(* Let $(x,y,C)\in Q(r)$ with $r\ge5$. Then $d:J\times J\to\mathbb R$, $d(j_1,j_2):=1-y_{j_1,j_2}$, is a semimetric on $J$ (i.e. $d\ge0$, $d(j,j)=0$, $d$ is symmetric, and $d(j_1,j_3)\le d(j_1,j_2)+d(j_2,j_3)$ for all $j_1,j_2,j_3\in J$).
   Context: Fix a finite set $J$ of jobs, a partial order $\prec$ on $J$, and $c,S,m\in\mathbb N$. Sherali–Adams lift: for a polytope $K=\{x\in\mathbb R^{V}:Ax\ge b\}$ on a finite index set $V$ and $r\ge0$, $SA_r(K)$ is the set of vectors $y$ indexed by subsets of $V$ of size at most $r+1$ with $y_\emptyset=1$ and, for every row $\ell$ and all $I,J'\subseteq V$ with $|I|+|J'|\le r$, $\sum_{H\subseteq J'}(-1)^{|H|}\big(\sum_{v\in V}A_{\ell,v}y_{I\cup H\cup\{v\}}-b_\ell y_{I\cup H}\big)\ge0$. Scheduling LP: let $V=J\times[m]\times\{0,\dots,S-1\}$ and let $K\subseteq\mathbb R^V$ be the set of $x$ with $\sum_{i\in[m]}\sum_{s}x_{j,i,s}=1$ for all $j\in J$, $\sum_{j\in J}x_{j,i,s}\le c$ for all $i,s$, and $0\le x_{j,i,s}\le1$. For $x\in SA_r(K)$ write $x_{j,i,s}=x_{\{(j,i,s)\}}$ and $x_{(j_1,i_1,s_1),(j_2,i_2,s_2)}=x_{\{(j_1,i_1,s_1),(j_2,i_2,s_2)\}}$. $Q(r)$ is the set of triples $(x,y,C)$ with $x\in SA_r(K)$, $y\in\mathbb R^{J\times J}$, $C\in\mathbb R^J$ satisfying $y_{j_1,j_2}=\sum_{s=0}^{S-1}\sum_{i\in[m]}x_{(j_1,i,s),(j_2,i,s)}$ for all $j_1,j_2\in J$, $C_{j_2}\ge C_{j_1}+(1-y_{j_1,j_2})$ for all $j_1\prec j_2$, and $C_j\ge0$ for all $j$. *)

theory Defs
  imports Complex_Main
begin

text \<open>Generic Sherali--Adams lift of a polytope given by rows (a, b), meaning
  the constraint sum_{v in V} a v * x v >= b.  A lifted vector is a function on
  subsets of V; only its values on subsets of size at most r+1 are used.\<close>

definition SA :: "nat \<Rightarrow> 'v set \<Rightarrow> (('v \<Rightarrow> real) \<times> real) set \<Rightarrow> ('v set \<Rightarrow> real) set" where
  "SA r V rows = {y. y {} = 1 \<and>
     (\<forall>(a, b) \<in> rows. \<forall>I J'. I \<subseteq> V \<longrightarrow> J' \<subseteq> V \<longrightarrow> card I + card J' \<le> r \<longrightarrow>
        (\<Sum>H\<in>Pow J'. (-1) ^ card H *
           ((\<Sum>v\<in>V. a v * y (I \<union> H \<union> {v})) - b * y (I \<union> H))) \<ge> 0)}"

definition schedV :: "'j set \<Rightarrow> nat \<Rightarrow> nat \<Rightarrow> ('j \<times> nat \<times> nat) set" where
  "schedV J m S = J \<times> {..<m} \<times> {..<S}"

text \<open>Rows of the scheduling LP written as A x >= b: each equality as two
  inequalities, the capacity constraint negated, and the box constraints.\<close>

definition schedRows :: "'j set \<Rightarrow> nat \<Rightarrow> nat \<Rightarrow> nat \<Rightarrow> ((('j \<times> nat \<times> nat) \<Rightarrow> real) \<times> real) set" where
  "schedRows J c S m =
     (\<Union>j\<in>J. {((\<lambda>v. if fst v = j then 1 else 0), 1),
              ((\<lambda>v. if fst v = j then -1 else 0), -1)})
   \<union> (\<Union>i\<in>{..<m}. \<Union>s\<in>{..<S}. {((\<lambda>v. if snd v = (i, s) then -1 else 0), - real c)})
   \<union> (\<Union>w\<in>schedV J m S. {((\<lambda>v. if v = w then 1 else 0), 0),
                        ((\<lambda>v. if v = w then -1 else 0), -1)})"

definition SAsched :: "'j set \<Rightarrow> nat \<Rightarrow> nat \<Rightarrow> nat \<Rightarrow> nat \<Rightarrow> (('j \<times> nat \<times> nat) set \<Rightarrow> real) set" where
  "SAsched J c S m r = SA r (schedV J m S) (schedRows J c S m)"

definition Q :: "'j set \<Rightarrow> ('j \<Rightarrow> 'j \<Rightarrow> bool) \<Rightarrow> nat \<Rightarrow> nat \<Rightarrow> nat \<Rightarrow> nat \<Rightarrow>
    ((('j \<times> nat \<times> nat) set \<Rightarrow> real) \<times> ('j \<Rightarrow> 'j \<Rightarrow> real) \<times> ('j \<Rightarrow> real)) set" where
  "Q J prec c S m r = {(x, y, C).
     x \<in> SAsched J c S m r \<and>
     (\<forall>j1\<in>J. \<forall>j2\<in>J. y j1 j2 = (\<Sum>s<S. \<Sum>i<m. x {(j1, i, s), (j2, i, s)})) \<and>
     (\<forall>j1\<in>J. \<forall>j2\<in>J. prec j1 j2 \<longrightarrow> C j2 \<ge> C j1 + (1 - y j1 j2)) \<and>
     (\<forall>j\<in>J. C j \<ge> 0)}"

definition semimetric_on :: "'a set \<Rightarrow> ('a \<Rightarrow> 'a \<Rightarrow> real) \<Rightarrow> bool" where
  "semimetric_on A d \<longleftrightarrow>
     (\<forall>a\<in>A. \<forall>b\<in>A. d a b \<ge> 0) \<and> (\<forall>a\<in>A. d a a = 0) \<and>
     (\<forall>a\<in>A. \<forall>b\<in>A. d a b = d b a) \<and>
     (\<forall>a\<in>A. \<forall>b\<in>A. \<forall>e\<in>A. d a e \<le> d a b + d b e)"

end

theory Submission
  imports Defs
begin

text \<open>In every slot (i, s), the level-2 lift values x{j, j'} behave like the probabilities
  that both j and j' occupy that slot.  The upper-box row x_w \<le> 1 multiplied by
  x_u (1 - x_t) gives x{w,u} + x{u,t} \<le> x{u} + x{u,w,t}, and multiplied by x_w x_t it gives
  x{u,w,t} \<le> x{w,t}; summing over slots yields y(a,b) + y(b,e) \<le> 1 + y(a,e), using that
  job b occupies slots with total mass 1.\<close>

lemma SA_rowD:
  assumes "x \<in> SA r V rows" "(a, b) \<in> rows" "I \<subseteq> V" "J' \<subseteq> V" "card I + card J' \<le> r"
  shows "(\<Sum>H\<in>Pow J'. (-1) ^ card H *
           ((\<Sum>v\<in>V. a v * x (I \<union> H \<union> {v})) - b * x (I \<union> H))) \<ge> 0"
  using assms unfolding SA_def by blast

lemma sum_neg_indicator:
  assumes "finite V" "w \<in> V"
  shows "(\<Sum>v\<in>V. (if v = w then -1 else 0) * f v) = - (f w :: real)"
proof -
  have "(\<Sum>v\<in>V. (if v = w then -1 else 0) * f v) = (\<Sum>v\<in>V. if v = w then - f v else 0)"
    by (rule sum.cong) auto
  also have "\<dots> = - f w" using assms by (simp add: sum.delta)
  finally show ?thesis .
qed

lemma SA_upper_box_mono:
  assumes "x \<in> SA r V rows" "finite V" "w \<in> V"
    and "((\<lambda>v. if v = w then -1 else 0), -1) \<in> rows"
    and "I \<subseteq> V" "card I \<le> r"
  shows "x (insert w I) \<le> x I"
  using SA_rowD[OF assms(1,4,5), of "{}"] assms(6) sum_neg_indicator[OF assms(2,3)] by simp

lemma SA_upper_box_inclusion_exclusion:
  assumes "x \<in> SA r V rows" "finite V" "w \<in> V" "u \<in> V"
    and "((\<lambda>v. if v = w then -1 else 0), -1) \<in> rows"
    and "I \<subseteq> V" "card I < r"
  shows "x (insert u I) + x (insert w I) \<le> x I + x (insert w (insert u I))"
proof -
  have "Pow {u} = {{}, {u}}" by auto
  then show ?thesis
    using SA_rowD[OF assms(1,5,6), of "{u}"] assms(4,7) sum_neg_indicator[OF assms(2,3)]
    by (simp add: insert_commute)
qed

lemma SA_pair_le_single:
  assumes "x \<in> SA r V rows" "finite V" "w \<in> V" "u \<in> V" "r \<ge> 1"
    and "((\<lambda>v. if v = w then -1 else 0), -1) \<in> rows"
  shows "x {w, u} \<le> x {u}"
  using SA_upper_box_mono[OF assms(1-3,6), of "{u}"] assms(4,5) by simp

lemma SA_pair_triangle:
  assumes "x \<in> SA r V rows" "finite V" "w \<in> V" "u \<in> V" "t \<in> V" "r \<ge> 2"
    and "\<And>v. v \<in> V \<Longrightarrow> ((\<lambda>v'. if v' = v then -1 else 0), -1) \<in> rows"
  shows "x {w, u} + x {u, t} \<le> x {u} + x {w, t}"
proof -
  have "x {t, u} + x {w, u} \<le> x {u} + x {w, t, u}"
    using SA_upper_box_inclusion_exclusion[OF assms(1-3,5) assms(7)[OF assms(3)], of "{u}"]
      assms(4,6) by simp
  moreover have "x {u, w, t} \<le> x {w, t}"
    using SA_upper_box_mono[OF assms(1,2,4) assms(7)[OF assms(4)], of "{w, t}"] assms(3,5,6)
    by (simp add: card_insert_if)
  ultimately show ?thesis by (simp add: insert_commute)
qed

lemma SA_equality_row:
  assumes "x \<in> SA r V rows" "(a, b) \<in> rows" "(\<lambda>v. - a v, - b) \<in> rows"
  shows "(\<Sum>v\<in>V. a v * x {v}) = b"
proof -
  have "x {} = 1" using assms(1) unfolding SA_def by blast
  moreover have "(\<Sum>v\<in>V. a v * x {v}) - b * x {} \<ge> 0"
    using SA_rowD[OF assms(1,2), of "{}" "{}"] by simp
  moreover have "(\<Sum>v\<in>V. - a v * x {v}) + b * x {} \<ge> 0"
    using SA_rowD[OF assms(1,3), of "{}" "{}"] by simp
  ultimately show ?thesis by (simp add: sum_negf)
qed

lemma finite_schedV: "finite J \<Longrightarrow> finite (schedV J m S)"
  by (simp add: schedV_def)

lemma schedRows_upper_box:
  "w \<in> schedV J m S \<Longrightarrow> ((\<lambda>v. if v = w then -1 else 0), -1) \<in> schedRows J c S m"
  unfolding schedRows_def by blast

lemma SAsched_job_mass:
  assumes "x \<in> SAsched J c S m r" "finite J" "j \<in> J"
  shows "(\<Sum>s<S. \<Sum>i<m. x {(j, i, s)}) = 1"
proof -
  let ?a = "\<lambda>v :: 'a \<times> nat \<times> nat. if fst v = j then 1 else (0::real)"
  have "(?a, 1) \<in> schedRows J c S m" "(\<lambda>v. - ?a v, - 1) \<in> schedRows J c S m"
    using assms(3) unfolding schedRows_def by (auto intro!: UN_I[of j] simp: fun_eq_iff)
  then have "(\<Sum>v\<in>schedV J m S. ?a v * x {v}) = 1"
    using SA_equality_row assms(1) unfolding SAsched_def by blast
  moreover have "(\<Sum>v\<in>schedV J m S. ?a v * x {v}) = (\<Sum>p\<in>{..<m} \<times> {..<S}. x {(j, p)})"
  proof -
    have "(\<Sum>v\<in>schedV J m S. ?a v * x {v})
        = (\<Sum>j'\<in>J. \<Sum>p\<in>{..<m} \<times> {..<S}. ?a (j', p) * x {(j', p)})"
      unfolding schedV_def sum.cartesian_product by (rule sum.cong) auto
    also have "\<dots> = (\<Sum>j'\<in>J. if j' = j then (\<Sum>p\<in>{..<m} \<times> {..<S}. x {(j', p)}) else 0)"
      by (rule sum.cong) auto
    finally show ?thesis using assms(2,3) by (simp add: sum.delta)
  qed
  moreover have "(\<Sum>p\<in>{..<m} \<times> {..<S}. x {(j, p)}) = (\<Sum>i<m. \<Sum>s<S. x {(j, i, s)})"
    by (simp add: sum.cartesian_product)
  moreover have "\<dots> = (\<Sum>s<S. \<Sum>i<m. x {(j, i, s)})"
    by (rule sum.swap)
  ultimately show ?thesis by simp
qed

lemma semimetric_on_cong:
  "(\<And>a b. a \<in> A \<Longrightarrow> b \<in> A \<Longrightarrow> d a b = d' a b) \<Longrightarrow> semimetric_on A d \<longleftrightarrow> semimetric_on A d'"
  unfolding semimetric_on_def by simp

lemma SAsched_overlap_semimetric:
  assumes "x \<in> SAsched J c S m r" "finite J" "r \<ge> 2"
  shows "semimetric_on J (\<lambda>j1 j2. 1 - (\<Sum>s<S. \<Sum>i<m. x {(j1, i, s), (j2, i, s)}))"
proof -
  let ?y = "\<lambda>j1 j2. \<Sum>s<S. \<Sum>i<m. x {(j1, i, s), (j2, i, s)}"
  have SA: "x \<in> SA r (schedV J m S) (schedRows J c S m)"
    using assms(1) unfolding SAsched_def .
  note fin = finite_schedV[OF assms(2)]
  have inV: "(j, i, s) \<in> schedV J m S" if "j \<in> J" "i < m" "s < S" for j i s
    using that by (simp add: schedV_def)
  have mass: "(\<Sum>s<S. \<Sum>i<m. x {(j, i, s)}) = 1" if "j \<in> J" for j
    using SAsched_job_mass[OF assms(1,2) that] .
  have le1: "?y a b \<le> 1" if "a \<in> J" "b \<in> J" for a b
  proof -
    have "?y a b \<le> (\<Sum>s<S. \<Sum>i<m. x {(b, i, s)})"
      using SA_pair_le_single[OF SA fin inV inV] schedRows_upper_box[OF inV] that assms(3)
      by (intro sum_mono) auto
    then show ?thesis using mass[OF that(2)] by simp
  qed
  have tri: "?y a b + ?y b e \<le> 1 + ?y a e" if "a \<in> J" "b \<in> J" "e \<in> J" for a b e
  proof -
    have "?y a b + ?y b e = (\<Sum>s<S. \<Sum>i<m. x {(a, i, s), (b, i, s)} + x {(b, i, s), (e, i, s)})"
      by (simp add: sum.distrib)
    also have "\<dots> \<le> (\<Sum>s<S. \<Sum>i<m. x {(b, i, s)} + x {(a, i, s), (e, i, s)})"
      using SA_pair_triangle[OF SA fin inV inV inV assms(3) schedRows_upper_box] that
      by (intro sum_mono) auto
    also have "\<dots> = 1 + ?y a e"
      using mass[OF that(2)] by (simp add: sum.distrib)
    finally show ?thesis .
  qed
  have "?y a a = 1" if "a \<in> J" for a using mass[OF that] by simp
  moreover have "?y a b = ?y b a" for a b by (simp add: insert_commute)
  ultimately show ?thesis
    unfolding semimetric_on_def using le1 tri by (auto simp: algebra_simps)
qed

theorem mainTheorem8:
  fixes J :: "'j set" and prec :: "'j \<Rightarrow> 'j \<Rightarrow> bool" and c S m r :: nat
    and x :: "('j \<times> nat \<times> nat) set \<Rightarrow> real" and y :: "'j \<Rightarrow> 'j \<Rightarrow> real" and C :: "'j \<Rightarrow> real"
  assumes "finite J"
    and "\<forall>j\<in>J. \<not> prec j j"
    and "\<forall>j1\<in>J. \<forall>j2\<in>J. \<forall>j3\<in>J. prec j1 j2 \<longrightarrow> prec j2 j3 \<longrightarrow> prec j1 j3"
    and "(x, y, C) \<in> Q J prec c S m r"
    and "r \<ge> 5"
  shows "semimetric_on J (\<lambda>j1 j2. 1 - y j1 j2)"
proof -
  have x: "x \<in> SAsched J c S m r"
    and y: "\<forall>j1\<in>J. \<forall>j2\<in>J. y j1 j2 = (\<Sum>s<S. \<Sum>i<m. x {(j1, i, s), (j2, i, s)})"
    using assms(4) unfolding Q_def by auto
  have "semimetric_on J (\<lambda>j1 j2. 1 - (\<Sum>s<S. \<Sum>i<m. x {(j1, i, s), (j2, i, s)}))"
    using SAsched_overlap_semimetric[OF x assms(1)] assms(5) by simp
  then show ?thesis using y by (subst semimetric_on_cong) auto
qed

end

### EXERCISE PROMPT:
Retype the portion of the data above that starts on the line with "b \<le> (\<Sum>s<S." and finishes on the line with "that] by simp", including both of those lines.

### EXERCISE OUTPUT:
    have "?y a b \<le> (\<Sum>s<S. \<Sum>i<m. x {(b, i, s)})"
      using SA_pair_le_single[OF SA fin inV inV] schedRows_upper_box[OF inV] that assms(3)
      by (intro sum_mono) auto
    then show ?thesis using mass[OF that(2)] by simp
  qed
  have tri: "?y a b + ?y b e \<le> 1 + ?y a e" if "a \<in> J" "b \<in> J" "e \<in> J" for a b e
  proof -
    have "?y a b + ?y b e = (\<Sum>s<S. \<Sum>i<m. x {(a, i, s), (b, i, s)} + x {(b, i, s), (e, i, s)})"
      by (simp add: sum.distrib)
    also have "\<dots> \<le> (\<Sum>s<S. \<Sum>i<m. x {(b, i, s)} + x {(a, i, s), (e, i, s)})"
      using SA_pair_triangle[OF SA fin inV inV inV assms(3) schedRows_upper_box] that
      by (intro sum_mono) auto
    also have "\<dots> = 1 + ?y a e"
      using mass[OF that(2)] by (simp add: sum.distrib)
    finally show ?thesis .
  qed
  have "?y a a = 1" if "a \<in> J" for a using mass[OF that] by simp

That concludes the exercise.